Furrow systems require more labour than border or basin systems. Some disadvantages are salinity hazards between the furrows, limited machinery mobility across the lateral field direction and an increased erosion potential. On the other hand, topographical conditions can be more severe and variable, and the smaller wetted area can reduce evaporation loss (WALKER 2003).

The three most important hardware items for an efficient furrow irrigation are (BURT 2000):

• A tailwater return flow system, which incorporates a reservoir
• Short furrows for an acceptable advanced ratio
• A large variable water supply stream

There is one disadvantage of surface irrigation that confronts every designer and irrigator. The soil, which must be used to convey the water over the field, has properties that are highly varied both spatially and temporally. They become almost indefinable except immediately preceding the watering or during it. This creates an engineering problem in which at least two of the primary design variables, discharge and time of application, must be estimated not only at the field layout stage but also judged by the irrigator prior to the initiation of every surface irrigation event. Thus, while it is possible for the new generation of surface irrigation methods to be attractive alternatives to sprinkler and trickle systems, their associated design and management practices are much more difficult to define and implement (WALKER 1989).

Levelling the fields and building the water ditches and reservoirs might be expensive, but once this is done, costs are low and the self-help capacity is very high. Thus, the expected life of the system, fixed costs, and annual operation costs (energy, water depreciation, land preparation, maintenance, labour, taxes, etc.) should be included in the analysis when selecting an irrigation system (WALKER 2003). The water allocation is done by gravity, therefore no energy is required.
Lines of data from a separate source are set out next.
(* Let $n\ge 1$, let $x_1,\dots,x_n$ be distinct integers each greater than $1$, and let $D=\{1,0,x_1,\dots,x_n\}$. If $(T,s)$ is an optimal signed tree realizing $D$ and $ab$ is an edge of $T$ with $s(ab)=-$, then $sdeg(a)=sdeg(b)=0$.
   Context: A signed tree is a pair $(T,s)$ where $T$ is a finite tree and $s:E(T)\to\{+,-\}$. The signed degree $sdeg(v)$ of a vertex is the number of incident positive edges minus the number of incident negative edges. $(T,s)$ realizes $D$ if $D=\{sdeg(v):v\in V(T)\}$. $\sigma(D)=\min\{|V(T)|: \text{some signed tree }(T,s)\text{ realizes }D\}$, and a signed tree $(T,s)$ realizing $D$ is optimal if $|V(T)|=\sigma(D)$. *)

theory Defs
  imports Main
begin

definition is_tree :: "'a set \<Rightarrow> 'a set set \<Rightarrow> bool" where
  "is_tree V E \<longleftrightarrow>
     finite V \<and> V \<noteq> {} \<and>
     (\<forall>e\<in>E. \<exists>u v. u \<in> V \<and> v \<in> V \<and> u \<noteq> v \<and> e = {u, v}) \<and>
     (\<forall>u\<in>V. \<forall>v\<in>V. (u, v) \<in> {(p, q). {p, q} \<in> E}\<^sup>*) \<and>
     card E = card V - 1"

text \<open>Signs: s e = True means positive, s e = False means negative.\<close>
definition sdeg :: "'a set set \<Rightarrow> ('a set \<Rightarrow> bool) \<Rightarrow> 'a \<Rightarrow> int" where
  "sdeg E s v = int (card {e\<in>E. v \<in> e \<and> s e}) - int (card {e\<in>E. v \<in> e \<and> \<not> s e})"

definition realizes :: "'a set \<Rightarrow> 'a set set \<Rightarrow> ('a set \<Rightarrow> bool) \<Rightarrow> int set \<Rightarrow> bool" where
  "realizes V E s D \<longleftrightarrow> is_tree V E \<and> D = sdeg E s ` V"

text \<open>Minimum order of a signed tree realizing D (trees up to isomorphism, represented on nat).\<close>
definition sigma :: "int set \<Rightarrow> nat" where
  "sigma D = (LEAST k. \<exists>(V::nat set) E s. realizes V E s D \<and> card V = k)"

definition optimal :: "'a set \<Rightarrow> 'a set set \<Rightarrow> ('a set \<Rightarrow> bool) \<Rightarrow> int set \<Rightarrow> bool" where
  "optimal V E s D \<longleftrightarrow> realizes V E s D \<and> card V = sigma D"

end

theory Submission
  imports Defs
begin

(*
  Let X be the set of the x_i, S the sum of the x_i - 1, N the set of negative edges and Z the
  set of vertices of signed degree 0 of a tree realizing {0, 1} \<union> X on the vertex set V.
  Every edge adds 2 or -2 to the sum of the signed degrees, so the sum of sdeg v - 1 over V is
  |V| - 2 - 4|N|. Each value of X is attained and every other vertex has signed degree 0 or 1,
  so that sum is also at least S - |Z|. A vertex of signed degree 0 lies on a negative edge,
  hence |Z| <= 2|N|, and altogether |V| >= S + 2 + 2|N|.
  Conversely, the path with signs +, -, + realizes {0, 1} on 4 vertices, and hanging x - 1 new
  positive leaves on a vertex of signed degree 1 adds the value x while keeping such a vertex;
  so sigma({0, 1} \<union> X) <= S + 4. In an optimal tree with a negative edge ab this forces
  |N| = 1 and |Z| >= 2, and since Z is covered by the single negative edge, Z = {a, b}.
*)

lemma is_tree_edgeE:
  assumes "is_tree V E" "e \<in> E"
  obtains u v where "u \<in> V" "v \<in> V" "u \<noteq> v" "e = {u, v}"
  using assms unfolding is_tree_def by blast

lemma is_tree_finite: "is_tree V E \<Longrightarrow> finite V"
  unfolding is_tree_def by blast

lemma is_tree_card_edges: "is_tree V E \<Longrightarrow> card E = card V - 1"
  unfolding is_tree_def by blast

lemma is_tree_connected: "is_tree V E \<Longrightarrow> u \<in> V \<Longrightarrow> v \<in> V \<Longrightarrow> (u, v) \<in> {(p, q). {p, q} \<in> E}\<^sup>*"
  unfolding is_tree_def by blast

lemma is_tree_edge_subset: "is_tree V E \<Longrightarrow> e \<in> E \<Longrightarrow> e \<subseteq> V"
  by (erule is_tree_edgeE) auto

lemma is_tree_card_edge: "is_tree V E \<Longrightarrow> e \<in> E \<Longrightarrow> card e = 2"
  by (erule is_tree_edgeE) auto

lemma is_tree_finite_edges: "is_tree V E \<Longrightarrow> finite E"
  by (meson Pow_iff finite_Pow_iff finite_subset is_tree_edge_subset is_tree_finite subsetI)

lemma is_tree_card_vertices_pos: "is_tree V E \<Longrightarrow> card V \<ge> 1"
  unfolding is_tree_def by (simp add: Suc_leI card_gt_0_iff)

lemma is_tree_incident_edge:
  assumes T: "is_tree V E" and "E \<noteq> {}" and v: "v \<in> V"
  shows "\<exists>e\<in>E. v \<in> e"
proof -
  obtain p q where "{p, q} \<in> E" "p \<in> V" "q \<in> V" "p \<noteq> q"
    using assms by (metis equals0I is_tree_edgeE)
  then obtain w where w: "w \<in> V" "w \<noteq> v"
    by metis
  have "(v, w) \<in> {(p, q). {p, q} \<in> E}\<^sup>*"
    using is_tree_connected[OF T v w(1)] .
  then show ?thesis
    by (cases rule: converse_rtranclE) (use w in auto)
qed

lemma is_tree_add_leaf:
  assumes T: "is_tree V E" and u: "u \<in> V" and v: "v \<notin> V"
  shows "is_tree (insert v V) (insert {u, v} E)"
proof -
  let ?R = "{(p, q). {p, q} \<in> insert {u, v} E}"
  have old: "(p, q) \<in> ?R\<^sup>*" if "p \<in> V" "q \<in> V" for p q
    using is_tree_connected[OF T that] rtrancl_mono[of "{(p, q). {p, q} \<in> E}" ?R] by blast
  have "(v, u) \<in> ?R\<^sup>*" "(u, v) \<in> ?R\<^sup>*"
    by (auto simp: insert_commute)
  then have "(p, u) \<in> ?R\<^sup>*" "(u, p) \<in> ?R\<^sup>*" if "p \<in> insert v V" for p
    using that old u by auto
  then have conn: "\<forall>p\<in>insert v V. \<forall>q\<in>insert v V. (p, q) \<in> ?R\<^sup>*"
    by (meson rtrancl_trans)
  have "{u, v} \<notin> E"
    using is_tree_edge_subset[OF T] v by blast
  then have "card (insert {u, v} E) = card (insert v V) - 1"
    using is_tree_finite_edges[OF T] is_tree_finite[OF T] is_tree_card_edges[OF T]
      is_tree_card_vertices_pos[OF T] v by simp
  moreover have "\<forall>e\<in>insert {u, v} E. \<exists>p q. p \<in> insert v V \<and> q \<in> insert v V \<and> p \<noteq> q \<and> e = {p, q}"
    using u v by (blast elim: is_tree_edgeE[OF T])
  ultimately show ?thesis
    using conn is_tree_finite[OF T] unfolding is_tree_def by blast
qed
On the other hand, a surface irrigation system is labour intensive, which should be considered.

Good operation of any irrigation system includes matching the irrigation duration with the rate of application and the intake rate of the soil to maximise the fraction of water stored in the root zone. Operation of surface irrigation requires being there to “tend” the water, i.e. to move the water to successive application points as it reaches the end of the run. (HILL et al. 2008).
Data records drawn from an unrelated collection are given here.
text \<open>The chain \<open>j\<^sub>0 + j\<^sub>0 < j\<^sub>0 + j\<^sub>1 < j\<^sub>1 + j\<^sub>1 < j\<^sub>1 + j\<^sub>2 < \<dots>\<close> of \<open>2k - 1\<close> pair sums.\<close>

definition pair_sum_chain :: "nat list \<Rightarrow> nat \<Rightarrow> nat" where
  "pair_sum_chain js r = js ! (r div 2) + js ! ((r + 1) div 2)"

lemma pair_sum_chain_strict_mono:
  fixes js :: "nat list"
  assumes sorted: "sorted_wrt (<) js"
  shows "strict_mono_on {..<2 * length js - 1} (pair_sum_chain js)"
proof (rule strict_mono_onI)
  fix r s assume s: "s \<in> {..<2 * length js - 1}" and "r < s"
  have le: "r div 2 \<le> s div 2" "(r + 1) div 2 \<le> (s + 1) div 2"
    using \<open>r < s\<close> by (simp_all add: div_le_mono)
  have bounds: "s div 2 < length js" "(s + 1) div 2 < length js"
    using s by simp_all
  have "r div 2 < s div 2 \<or> (r + 1) div 2 < (s + 1) div 2"
    using \<open>r < s\<close> by presburger
  then show "pair_sum_chain js r < pair_sum_chain js s"
  proof
    assume "r div 2 < s div 2"
    then show ?thesis
      unfolding pair_sum_chain_def
      by (intro add_less_le_mono sorted_wrt_nth_less[OF sorted _ bounds(1)]
          sorted_wrt_less_nth_mono[OF sorted le(2) bounds(2)])
  next
    assume "(r + 1) div 2 < (s + 1) div 2"
    then show ?thesis
      unfolding pair_sum_chain_def
      by (intro add_le_less_mono sorted_wrt_nth_less[OF sorted _ bounds(2)]
          sorted_wrt_less_nth_mono[OF sorted le(1) bounds(1)])
  qed
qed

text \<open>The sum \<open>j\<^sub>i + j\<^bsub>i+2\<^esub>\<close> lies strictly between the chain members
  \<open>j\<^sub>i + j\<^bsub>i+1\<^esub>\<close> and \<open>j\<^bsub>i+1\<^esub> + j\<^bsub>i+2\<^esub>\<close>, so it can only be the one
  in between, \<open>2 j\<^bsub>i+1\<^esub>\<close>.\<close>

lemma pair_sum_notin_chain:
  fixes js :: "nat list"
  assumes sorted: "sorted_wrt (<) js" and i: "i + 2 < length js"
    and gap: "js ! i + js ! (i + 2) \<noteq> 2 * js ! (i + 1)"
  shows "js ! i + js ! (i + 2) \<notin> pair_sum_chain js ` {..<2 * length js - 1}"
proof
  let ?chain = "pair_sum_chain js"
  assume "js ! i + js ! (i + 2) \<in> ?chain ` {..<2 * length js - 1}"
  then obtain r where r: "r \<in> {..<2 * length js - 1}" "?chain r = js ! i + js ! (i + 2)"
    by auto
  have in_range: "2 * i + 1 \<in> {..<2 * length js - 1}" "2 * i + 3 \<in> {..<2 * length js - 1}"
    using i by simp_all
  have "?chain (2 * i + 1) < ?chain r" "?chain r < ?chain (2 * i + 3)"
    using sorted_wrt_nth_less[OF sorted, of i "i + 1"] sorted_wrt_nth_less[OF sorted, of "i + 1" "i + 2"] i
    by (simp_all add: r(2)) (simp_all add: pair_sum_chain_def)
  then have "2 * i + 1 < r" "r < 2 * i + 3"
    using strict_mono_on_less[OF pair_sum_chain_strict_mono[OF sorted]] in_range r(1) by blast+
  then have "r = 2 * i + 2"
    by linarith
  then show False
    using r(2) gap by (simp add: pair_sum_chain_def)
qed
(* Let $m\in\mathbb{N}$ and $\rho\in[2,m-1]$. Then $$t_\rho(\mathbb{Z}_m)=\left\lfloor\frac{m-2}{\rho-1}\right\rfloor+1,\qquad s_\rho(\mathbb{Z}_m)=\max\left\{\frac md\left(\left\lfloor\frac{d-2}{\rho-1}\right\rfloor+1\right): d\mid m,\ d\ge\rho+1\right\}.$$
   Context: Groups are written additively; $\mathbb{Z}_m=\mathbb{Z}/m\mathbb{Z}$. For $A\subseteq G$ let $A_0:=A\cup\{0\}$ and $\langle A\rangle^+_\rho:=\rho A_0=\{a_1+\dots+a_\rho:a_i\in A_0\}$. $\operatorname{diam}^+_A(G):=\min\{\rho\in\mathbb{N}_0:\langle A\rangle^+_\rho=G\}$ ($\min\varnothing=\infty$). The period of $S\subseteq G$ is $\pi(S):=\{g\in G:S+g=S\}$; $S$ is aperiodic if $\pi(S)=\{0\}$. A subset $A\subseteq G$ is $\rho$-maximal if it is maximal under inclusion subject to $\operatorname{diam}^+_A(G)\ge\rho$, i.e. subject to $\langle A\rangle^+_{\rho-1}\neq G$. With the convention $\max\varnothing=0$: $s_\rho(G):=\max\{|A|: A\subseteq G,\ \rho\le\operatorname{diam}^+_A(G)<\infty\}$ and $t_\rho(G):=\max\{|A|: A \text{ is an aperiodic } \rho\text{-maximal generating set for } G\}$. *)

theory Defs
  imports Main "HOL-Library.Extended_Nat"
begin

text \<open>The cyclic group Z_m is modelled by the carrier {0..<m} of naturals with
addition modulo m.\<close>

definition Zm :: "nat \<Rightarrow> nat set" where
  "Zm m = {0..<m}"

fun sumset_rho :: "nat \<Rightarrow> nat set \<Rightarrow> nat \<Rightarrow> nat set" where
  "sumset_rho m A 0 = {0 mod m}"
| "sumset_rho m A (Suc r) = {(x + a) mod m | x a. x \<in> sumset_rho m A r \<and> a \<in> insert 0 A}"

definition diam :: "nat \<Rightarrow> nat set \<Rightarrow> enat" where
  "diam m A = (if \<exists>r. sumset_rho m A r = Zm m
               then enat (LEAST r. sumset_rho m A r = Zm m) else \<infinity>)"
Ditches should be cleaned out at least annually and more often if needed. A shovel can be used to clean smaller ditches. A mechanical ditcher and tractor is very helpful on larger ditches. Often ditch cleaning is an early spring “rite” to be completed prior to the first delivery of water. Many irrigation and canal companies require that shareholders maintain their own head gates and keep them in good operating condition. In areas where rodent damage is a problem, “tromping gopher holes” or otherwise fixing leaks in ditches may be a daily chore. Periodic re-levelling of surface irrigated fields may be needed to compensate for soil settlement or consolidation over time (HILL et al. 2008).